At 9 weeks, nausea is mostly steady with few good moments here and there. Fatigue seems to be steady. Constipation, sore breasts and vivid dreams continue. Nose is totally stuffed up; but smell is on super-woman strength mode.
Am still totally avoiding sweet things. Not that I ate much to begin with… But still, can’t stand to think about sweets. Weird. Still very thirsty. Water just isn’t cutting it!
September 5, 2011 – 9 Weeks
This was the WOD:
- Karen- 150 Wall Ball (20/12)
- Hang Clean- 3/3/3 Max Effort
- Muscle Up- 10/10/10; 60-90 seconds rest
Here’s what I did:
- Warm-up: 3 minute row, aproximately 500 meters
- Karen – 150 Wall Ball (12#) => 13:35
- Hang Squat Cleans – (3×35) 3×45, 3×55, 3×60
- Muscle Up Progressions – pull-ups and dips, 3 x 10/10
I broke Karen up into 15 sets of 10 reps.

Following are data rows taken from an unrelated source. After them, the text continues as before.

lemma comp_fn_rec_nat[comp_intros]:
  assumes "comp_fn A n z" "comp_fn A n a" "comp_fn A (Suc (Suc n)) (\<lambda>ws. s (ws ! 0) (ws ! 1) (tl (tl ws)))"
  shows "comp_fn A n (\<lambda>xs. rec_nat (z xs) (\<lambda>k r. s k r xs) (a xs))"
proof -
  have 1: "comp_fn A (Suc n) (\<lambda>xs. rec_nat (z (tl xs)) (\<lambda>k r. s k r (tl xs)) (hd xs))"
    using comp_fn_PrimRec[OF assms(1) assms(3)] by simp
  have "comp_fn A n (\<lambda>xs. (\<lambda>ys. rec_nat (z (tl ys)) (\<lambda>k r. s k r (tl ys)) (hd ys))
      (a xs # map (\<lambda>G. G xs) (map (\<lambda>i xs. xs ! i) [0..<n])))"
    by (rule comp_fn_compose_Cons[OF 1 assms(2)]) (auto intro: comp_fn_proj)
  then show ?thesis
    by (rule comp_fn_cong) (simp add: comp_def map_nth_eq)
qed

lemma comp_fn_Least_zero:
  assumes "comp_fn A (Suc n) f" "\<And>xs. length xs = n \<Longrightarrow> \<exists>m. f (m # xs) = 0"
  shows "comp_fn A n (\<lambda>xs. LEAST m. f (m # xs) = 0)"
proof -
  obtain pf where pf: "\<forall>ys. length ys = Suc n \<longrightarrow> eval A pf ys (f ys)"
    using assms(1) by (auto simp: comp_fn_def)
  show ?thesis unfolding comp_fn_def
  proof (intro exI allI impI)
    fix xs :: "nat list" assume l: "length xs = n"
    let ?m = "LEAST m. f (m # xs) = 0"
    have "f (?m # xs) = 0" using assms(2)[OF l] by (rule LeastI_ex)
    then have 1: "eval A pf (?m # xs) 0" using pf l by (metis length_Cons)
    have "\<forall>m<?m. f (m # xs) \<noteq> 0" using not_less_Least by blast
    then have 2: "\<forall>m<?m. \<exists>y. y \<noteq> 0 \<and> eval A pf (m # xs) y" using pf l by (metis length_Cons)
    show "eval A (Mu pf) xs ?m" using 1 2 by (rule eval.mu)
  qed
qed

Between each set, I checked my heart rate to ensure that I was keeping it around 140. If I got up to 160, I stopped and took a few breaths to allow it to come back down. In retrospect, I think I would have been fine, just to bust out the workout, finishing with a better time. But at least this way, I have LOADS of room for improvement. Ha!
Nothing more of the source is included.